Из коридора вернулся с кофейником Женька.
— У меня склероз, — объявил он, хлопнув себя по лбу. — Я забыл пожарить печенку. Но это еще не все. Я оставил ее у собак, а эти звери наверняка уже сожрали ее.
— Черт с ней, с печенкой! — сказал Кирилл. — Будем пить кофе. Он как раз здорово помогает от склероза.
— Это чай, — поправила его Вера.
— Нет, и кофе тоже, — настаивал Кирилл. — Я где-то читал.
— Наверное, в "Медицинском вестнике", старик, — насмешливо сказал Женька, разливая кофе, — Вера, есть такой? И скажи, сколько тебе класть сахару.
— Два куска.
— А тебе, старик?
— Тоже два. И не мешай сразу, пусть сначала растают.
Окуджава пел "Леньку Королева".
— Мне всегда ужасно жалко Леньку, — сказала Вера. — Наверное, это глупо., но я ничего не могу поделать с собой.
— И не надо ничего делать, радость моя, — сказал Женька. — Вот тебе кофе, и давай пей.
— Можно подумать, Женька, что это доставляет тебе удовольствие.
— Что это, радость моя?
— То, что ты весь вечер паясничаешь.
Женька притворно воздел руки:
— Нет, вы только посмотрите на нее! От тебя ничего невозможно скрыть, радость моя! Ты опасная женщина!
Прихлебывая кофе, Кирилл с удовольствием следил за пикировкой. Непринужденность обстановки и выпитое оказывали свое действие: заботы, еще вчера терзавшие Кирилла, отступили куда-то на второй план. Остались лишь эта тесная уютная комнатка и его новые знакомые, о существовании которых он и не подозревал всего два дня назад и которых, как ему теперь казалось, знал всю жизнь. Они прекрасные люди, этот неудавшийся историк Женька и его темноликая "мадонна". И пусть она не знает, кто такие были краснорубашечники, зато она наверняка знает много такого, о чем он, Кирилл, даже не догадывается. Женщины всегда лучше мужчин запоминают детали. И пусть они скорее поженятся и живут в этой комнате. Он станет приходить к ним по вечерам, сидеть на тахте и говорить с ними обо всем на свете, потому что они интересные собеседники и очень симпатичные люди…

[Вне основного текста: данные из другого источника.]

(* Let $\sigma$ be any argumentation semantics whose extensions are maximal conflict-free sets (w.r.t. set inclusion). For every two argumentation frameworks $AF=(AR,Attacks)$, $AF'=(AR',Attacks')$ with $AF\preceq_N AF'$: if for all $E\in\sigma(AF)$ and all $E'\in\sigma(AF')$ we have $E\subseteq E'$, then for all $E\in\sigma(AF)$ and all $E'\in\sigma(AF')$ we have $E'\not\subseteq AR$ or $E'=E$.
   Context: An argumentation framework is a pair $(AR,Attacks)$ with $AR$ a finite set and $Attacks\subseteq AR\times AR$; $a$ attacks $b$ iff $(a,b)\in Attacks$. A set $S$ is conflict-free iff no element of $S$ attacks an element of $S$. An argumentation semantics $\sigma$ assigns to each argumentation framework a set $\sigma(AF)$ of subsets of $AR$; "$\sigma$'s extensions are maximal conflict-free sets" means that for every $AF$, every $E\in\sigma(AF)$ is a $\subseteq$-maximal conflict-free subset of the argument set of $AF$. $AF\preceq_N AF'$ (normal expansion) iff $AR\subseteq AR'$, $Attacks\subseteq Attacks'$ and no $(a,b)\in Attacks'\setminus Attacks$ has both $a,b\in AR$. *)

theory Defs
  imports Main
begin

definition is_AF :: "'a set \<Rightarrow> ('a \<times> 'a) set \<Rightarrow> bool" where
  "is_AF AR Att \<longleftrightarrow> finite AR \<and> Att \<subseteq> AR \<times> AR"

definition conflict_free :: "('a \<times> 'a) set \<Rightarrow> 'a set \<Rightarrow> bool" where
  "conflict_free Att S \<longleftrightarrow> (\<forall>a\<in>S. \<forall>b\<in>S. (a, b) \<notin> Att)"

definition maximal_conflict_free :: "'a set \<Rightarrow> ('a \<times> 'a) set \<Rightarrow> 'a set \<Rightarrow> bool" where
  "maximal_conflict_free AR Att S \<longleftrightarrow>
     S \<subseteq> AR \<and> conflict_free Att S \<and>
     (\<forall>T. S \<subseteq> T \<and> T \<subseteq> AR \<and> conflict_free Att T \<longrightarrow> T = S)"

definition normal_expansion ::
  "'a set \<Rightarrow> ('a \<times> 'a) set \<Rightarrow> 'a set \<Rightarrow> ('a \<times> 'a) set \<Rightarrow> bool" where
  "normal_expansion AR Att AR' Att' \<longleftrightarrow>
     AR \<subseteq> AR' \<and> Att \<subseteq> Att' \<and>
     (\<forall>a b. (a, b) \<in> Att' - Att \<longrightarrow> \<not> (a \<in> AR \<and> b \<in> AR))"

end

theory Submission
  imports Defs
begin

text \<open>An extension E' of the expanded framework is conflict-free for the larger attack
  relation, hence for Att. If E' \<subseteq> AR, it is thus a conflict-free superset of the
  maximal conflict-free set E, so E' = E.\<close>

lemma conflict_free_antimono:
  assumes "Att \<subseteq> Att'" and "conflict_free Att' S"
  shows "conflict_free Att S"
  using assms unfolding conflict_free_def by blast

lemma maximal_conflict_freeD:
  assumes "maximal_conflict_free AR Att E"
    and "E \<subseteq> T" and "T \<subseteq> AR" and "conflict_free Att T"
  shows "T = E"
  using assms unfolding maximal_conflict_free_def by blast

theorem proposition52:
  fixes \<sigma> :: "'a set \<Rightarrow> ('a \<times> 'a) set \<Rightarrow> 'a set set"
    and AR AR' :: "'a set" and Att Att' :: "('a \<times> 'a) set"
  assumes sem: "\<And>X R. is_AF X R \<Longrightarrow> \<forall>E \<in> \<sigma> X R. maximal_conflict_free X R E"
    and AF: "is_AF AR Att" and AF': "is_AF AR' Att'"
    and exp: "normal_expansion AR Att AR' Att'"
    and incl: "\<forall>E \<in> \<sigma> AR Att. \<forall>E' \<in> \<sigma> AR' Att'. E \<subseteq> E'"
  shows "\<forall>E \<in> \<sigma> AR Att. \<forall>E' \<in> \<sigma> AR' Att'. \<not> E' \<subseteq> AR \<or> E' = E"
proof (intro ballI)
  fix E E'
  assume E: "E \<in> \<sigma> AR Att" and E': "E' \<in> \<sigma> AR' Att'"
  have max: "maximal_conflict_free AR Att E" using sem[OF AF] E by blast
  have "Att \<subseteq> Att'" using exp unfolding normal_expansion_def by blast
  moreover have "conflict_free Att' E'"
    using sem[OF AF'] E' unfolding maximal_conflict_free_def by blast
  ultimately have cf: "conflict_free Att E'" by (rule conflict_free_antimono)
  have "E \<subseteq> E'" using incl E E' by blast
  then have "E' \<subseteq> AR \<Longrightarrow> E' = E" using maximal_conflict_freeD[OF max] cf by blast
  then show "\<not> E' \<subseteq> AR \<or> E' = E" by blast
qed

end
(* Fix a partition $[n]=U\sqcup D$ and the associated map $\eta$ from $S_n$ to triangulations of the polygon $Q$ described below. Then the fibers of $\eta$ are exactly the congruence classes of a lattice congruence on the weak order on $S_n$.
   Context: $S_n$ is the set of permutations of $[n]=\{1,\dots,n\}$ in one-line notation $x=x_1\cdots x_n$. The weak order: $x\le y$ iff $I(x)\subseteq I(y)$ where $I(x)=\{(x_j,x_i): i<j,\ x_i>x_j\}$; it is a lattice. Let $Q$ be a convex polygon in $\mathbb R^2$ with vertices $v_0,v_1,\dots,v_{n+1}$ whose $x$-coordinates strictly increase with the index, with $v_0,v_{n+1}$ on the $x$-axis, such that $v_i$ has positive $y$-coordinate for $i\in U$ ("up indices") and negative $y$-coordinate for $i\in D$ ("down indices"). A diagonal is a segment joining two non-adjacent vertices; a triangulation is a maximal set of pairwise non-crossing diagonals. For $x\in S_n$ define polygonal paths $\lambda_0(x),\dots,\lambda_n(x)$ from $v_0$ to $v_{n+1}$, each visiting its vertices in increasing order of index: $\lambda_0(x)$ visits $v_0$, the $v_i$ with $i\in D$, and $v_{n+1}$; for $i\ge1$, $\lambda_i(x)$ is obtained from $\lambda_{i-1}(x)$ by deleting the vertex $v_{x_i}$ if $x_i\in D$ and by adding the vertex $v_{x_i}$ if $x_i\in U$. Then $\eta(x)$ is the triangulation of $Q$ consisting of all diagonals of $Q$ that occur as edges of some $\lambda_i(x)$. A lattice congruence is an equivalence relation compatible with meets and joins. *)

theory Defs
  imports Main "HOL-Combinatorics.Multiset_Permutations"
begin

text \<open>Permutations of [n] in one-line notation: x = x_1 ... x_n is the list
  [x!0, ..., x!(n-1)] (so x_i = x ! (i - 1)).\<close>

definition Sn :: "nat \<Rightarrow> nat list set" where
  "Sn n = permutations_of_set {1..n}"

definition inversions :: "nat list \<Rightarrow> (nat \<times> nat) set" where
  "inversions x = {(x ! j, x ! i) | i j. i < j \<and> j < length x \<and> x ! i > x ! j}"

definition weak_le :: "nat list \<Rightarrow> nat list \<Rightarrow> bool" where
  "weak_le x y \<longleftrightarrow> inversions x \<subseteq> inversions y"

definition is_weak_meet :: "nat \<Rightarrow> nat list \<Rightarrow> nat list \<Rightarrow> nat list \<Rightarrow> bool" where
  "is_weak_meet n x y m \<longleftrightarrow> m \<in> Sn n \<and> weak_le m x \<and> weak_le m y \<and>
     (\<forall>w\<in>Sn n. weak_le w x \<and> weak_le w y \<longrightarrow> weak_le w m)"

definition is_weak_join :: "nat \<Rightarrow> nat list \<Rightarrow> nat list \<Rightarrow> nat list \<Rightarrow> bool" where
  "is_weak_join n x y j \<longleftrightarrow> j \<in> Sn n \<and> weak_le x j \<and> weak_le y j \<and>
     (\<forall>w\<in>Sn n. weak_le x w \<and> weak_le y w \<longrightarrow> weak_le j w)"

definition weak_lattice_congruence :: "nat \<Rightarrow> (nat list \<times> nat list) set \<Rightarrow> bool" where
  "weak_lattice_congruence n R \<longleftrightarrow> equiv (Sn n) R \<and>
     (\<forall>x y z m m'. (x, y) \<in> R \<and> z \<in> Sn n \<and> is_weak_meet n x z m \<and> is_weak_meet n y z m'
        \<longrightarrow> (m, m') \<in> R) \<and>
     (\<forall>x y z j j'. (x, y) \<in> R \<and> z \<in> Sn n \<and> is_weak_join n x z j \<and> is_weak_join n y z j'
        \<longrightarrow> (j, j') \<in> R)"

text \<open>Polygon Q with vertices v_0, ..., v_(n+1), identified with their indices.
  A monotone path from v_0 to v_(n+1) visiting its vertices in increasing index
  order is determined by its vertex set S; its edges are the pairs (a,b), a < b,
  of consecutive elements of S.\<close>
definition path_edges :: "nat set \<Rightarrow> (nat \<times> nat) set" where
  "path_edges S = {(a, b). a \<in> S \<and> b \<in> S \<and> a < b \<and> (\<forall>c\<in>S. \<not> (a < c \<and> c < b))}"

text \<open>Boundary edges of the convex polygon Q: the upper chain v_0, (v_i)_{i in U}, v_(n+1)
  and the lower chain v_0, (v_i)_{i in D}, v_(n+1).\<close>
definition Q_edges :: "nat \<Rightarrow> nat set \<Rightarrow> nat set \<Rightarrow> (nat \<times> nat) set" where
  "Q_edges n U D = path_edges ({0, n + 1} \<union> U) \<union> path_edges ({0, n + 1} \<union> D)"

definition Q_diagonals :: "nat \<Rightarrow> nat set \<Rightarrow> nat set \<Rightarrow> (nat \<times> nat) set" where
  "Q_diagonals n U D = {(a, b). a < b \<and> b \<le> n + 1} - Q_edges n U D"

fun lam_step :: "nat set \<Rightarrow> nat set \<Rightarrow> nat \<Rightarrow> nat set" where
  "lam_step D S k = (if k \<in> D then S - {k} else S \<union> {k})"

definition lam :: "nat \<Rightarrow> nat set \<Rightarrow> nat list \<Rightarrow> nat \<Rightarrow> nat set" where
  "lam n D x i = foldl (lam_step D) ({0, n + 1} \<union> D) (take i x)"

definition eta :: "nat \<Rightarrow> nat set \<Rightarrow> nat set \<Rightarrow> nat list \<Rightarrow> (nat \<times> nat) set" where
  "eta n U D x = {e \<in> Q_diagonals n U D. \<exists>i\<le>n. e \<in> path_edges (lam n D x i)}"

end

(*
  Let lambda(R) be the path through v_0, v_(n+1), the down vertices outside R and the up vertices
  in R, so that lambda_i(x) = lambda({x_1, ..., x_i}). Swapping an adjacent ascent u < v of x that
  is preceded by the letters R (a flip) keeps eta(x) when lambda(R) has a vertex strictly between
  v_u and v_v: every edge of lambda(R + u) is then an edge of lambda(R) or of lambda(R + u + v).
  Conversely, two permutations with the same eta are connected by flips and their inverses
  (move the first letter of one to the front of the other). Flips terminate and are locally
  confluent, so by Newman's lemma two permutations in one fibre flip to a common permutation.
  If x flips to x' by swapping a < c and w is the join of x and z with a before c, then the join
  of x' and z arises from w by putting the letters between a and c that exceed c in front of c a
  and those below a behind it; the vertex separating a and c separates every new inversion, so w
  flips to it. Hence fibres are compatible with joins, and with meets by reversing permutations,
  which exchanges U and D and turns meets into joins.
*)
theory Submission
  imports Defs "HOL-Library.Confluence"
begin

fun precedes :: "'a list \<Rightarrow> 'a \<Rightarrow> 'a \<Rightarrow> bool" where
  "precedes [] p q \<longleftrightarrow> False"
| "precedes (a # xs) p q \<longleftrightarrow> (a = p \<and> q \<in> set xs) \<or> precedes xs p q"

lemma precedes_set: "precedes xs p q \<Longrightarrow> p \<in> set xs \<and> q \<in> set xs"
  by (induction xs) auto

lemma precedes_append:
  "precedes (xs @ ys) p q \<longleftrightarrow> precedes xs p q \<or> precedes ys p q \<or> (p \<in> set xs \<and> q \<in> set ys)"
  by (induction xs) (auto dest: precedes_set)

lemma precedes_filter: "precedes (filter P xs) p q \<longleftrightarrow> P p \<and> P q \<and> precedes xs p q"
  by (induction xs) (auto dest: precedes_set)

lemma precedes_rev: "precedes (rev xs) p q \<longleftrightarrow> precedes xs q p"
  by (induction xs) (auto simp: precedes_append dest: precedes_set)

lemma precedes_iff_nth:
  "precedes xs p q \<longleftrightarrow> (\<exists>i j. i < j \<and> j < length xs \<and> xs ! i = p \<and> xs ! j = q)"
proof (induction xs)
  case (Cons a xs)
  show ?case
  proof
    assume "precedes (a # xs) p q"
    then consider "a = p" "q \<in> set xs" | "precedes xs p q" by auto
    then show "\<exists>i j. i < j \<and> j < length (a # xs) \<and> (a # xs) ! i = p \<and> (a # xs) ! j = q"
    proof cases
      case 1
      then obtain j where "j < length xs" "xs ! j = q" by (auto simp: in_set_conv_nth)
      then show ?thesis using 1 by (intro exI[of _ 0] exI[of _ "Suc j"]) auto
    next
      case 2
      then obtain i j where "i < j" "j < length xs" "xs ! i = p" "xs ! j = q" using Cons.IH by auto
      then show ?thesis by (intro exI[of _ "Suc i"] exI[of _ "Suc j"]) auto
    qed
  next
    assume "\<exists>i j. i < j \<and> j < length (a # xs) \<and> (a # xs) ! i = p \<and> (a # xs) ! j = q"
    then obtain i j where ij: "i < j" "j < length (a # xs)" "(a # xs) ! i = p" "(a # xs) ! j = q"
      by blast
    then obtain j' where j': "j = Suc j'" by (cases j) auto
    show "precedes (a # xs) p q"
    proof (cases i)
      case 0
      then show ?thesis using ij j' by auto
    next
      case (Suc i')
      then show ?thesis using Cons.IH ij j' by auto
    qed
  qed
qed simp

lemma precedes_nth:
  "distinct xs \<Longrightarrow> i < length xs \<Longrightarrow> j < length xs \<Longrightarrow> precedes xs (xs ! i) (xs ! j) \<longleftrightarrow> i < j"
  by (auto simp: precedes_iff_nth nth_eq_iff_index_eq)

lemma precedes_asym: "distinct xs \<Longrightarrow> precedes xs p q \<Longrightarrow> \<not> precedes xs q p"
  by (auto simp: precedes_iff_nth nth_eq_iff_index_eq)

lemma precedes_trans: "distinct xs \<Longrightarrow> precedes xs p q \<Longrightarrow> precedes xs q r \<Longrightarrow> precedes xs p r"
  by (auto simp: precedes_iff_nth nth_eq_iff_index_eq) (metis order_less_trans)

lemma precedes_total:
  "p \<in> set xs \<Longrightarrow> q \<in> set xs \<Longrightarrow> p \<noteq> q \<Longrightarrow> precedes xs p q \<or> precedes xs q p"
  by (auto simp: precedes_iff_nth in_set_conv_nth) (metis linorder_neqE_nat)

lemma list_eq_if_precedes_imp:
  assumes "distinct xs" "distinct ys" "set xs = set ys" "\<And>p q. precedes xs p q \<Longrightarrow> precedes ys p q"
  shows "xs = ys"
  using assms
proof (induction xs arbitrary: ys)
  case (Cons a xs)
  then obtain b ys' where ys: "ys = b # ys'" by (cases ys) auto
  have "a = b"
  proof (rule ccontr)
    assume "a \<noteq> b"
    then have "precedes (a # xs) a b" using Cons.prems(3) ys by auto
    then show False using Cons.prems(2,4) ys \<open>a \<noteq> b\<close> by (auto dest: precedes_set)
  qed
  moreover have "xs = ys'"
  proof (rule Cons.IH)
    show "set xs = set ys'" using Cons.prems ys \<open>a = b\<close> by (auto simp: insert_ident)
    show "precedes ys' p q" if "precedes xs p q" for p q
      using that Cons.prems(1) Cons.prems(4)[of p q] ys \<open>a = b\<close> by (auto dest: precedes_set)
  qed (use Cons.prems ys in auto)
  ultimately show ?case using ys by simp
qed simp

lemma precedes_split: "precedes xs p q \<Longrightarrow> \<exists>as bs cs. xs = as @ p # bs @ q # cs"
proof (induction xs)
  case (Cons a xs)
  show ?case
  proof (cases "a = p \<and> q \<in> set xs")
    case True
    then obtain bs cs where "xs = bs @ q # cs" by (meson split_list)
    then show ?thesis using True by (intro exI[of _ "[]"] exI[of _ bs] exI[of _ cs]) auto
  next
    case False
    then obtain as bs cs where "xs = as @ p # bs @ q # cs" using Cons by auto
    then show ?thesis by (intro exI[of _ "a # as"] exI[of _ bs] exI[of _ cs]) auto
  qed
qed simp

lemma precedes_before_iff:
  assumes "distinct (X @ a # Y)"
  shows "precedes (X @ a # Y) s a \<longleftrightarrow> s \<in> set X"
  using assms by (auto simp: precedes_append dest: precedes_set)

lemma precedes_after_iff:
  assumes "distinct (X @ a # Y)"
  shows "precedes (X @ a # Y) a s \<longleftrightarrow> s \<in> set Y"
  using assms by (auto simp: precedes_append dest: precedes_set)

— У тебя найдется еще что-нибудь выпить, Женька?
— Праздный вопрос, старик! Мои погреба практически неистощимы.
— Тогда налей. И давай выпьем за женщин. Я знаю, это банально, но в такам случае что не банально?
— Ого! Я вижу, у тебя расходится аппетит, старик! Радость моя, ты слышишь? За тебя желают выпить!
— Не передергивай, Женька. Я сказал: за женщин.
— Знаем, знаем, все так говорят!
Женька встал из-за стола и, немного покачиваясь, направился к двери. На пороге он обернулся.
— А потом запомни, старик: общие формулировки всегда предполагают частности. Ибо состоят из них. — Он подумал и добавил: — Только вы не воображайте, что я такой умный. Это плагиат. Так любил говорить один мой знакомый доцент.
Женька вышел в коридор и через минуту вернулся с новой бутылкой.
— Радость моя, — сказал он, — выключи эту адскую машинку и садись к нам. Давайте-ка и в самом деле выпьем.
— Только непременно чокнемся, — сказала Вера. — Мне надоело пить как биндюжники.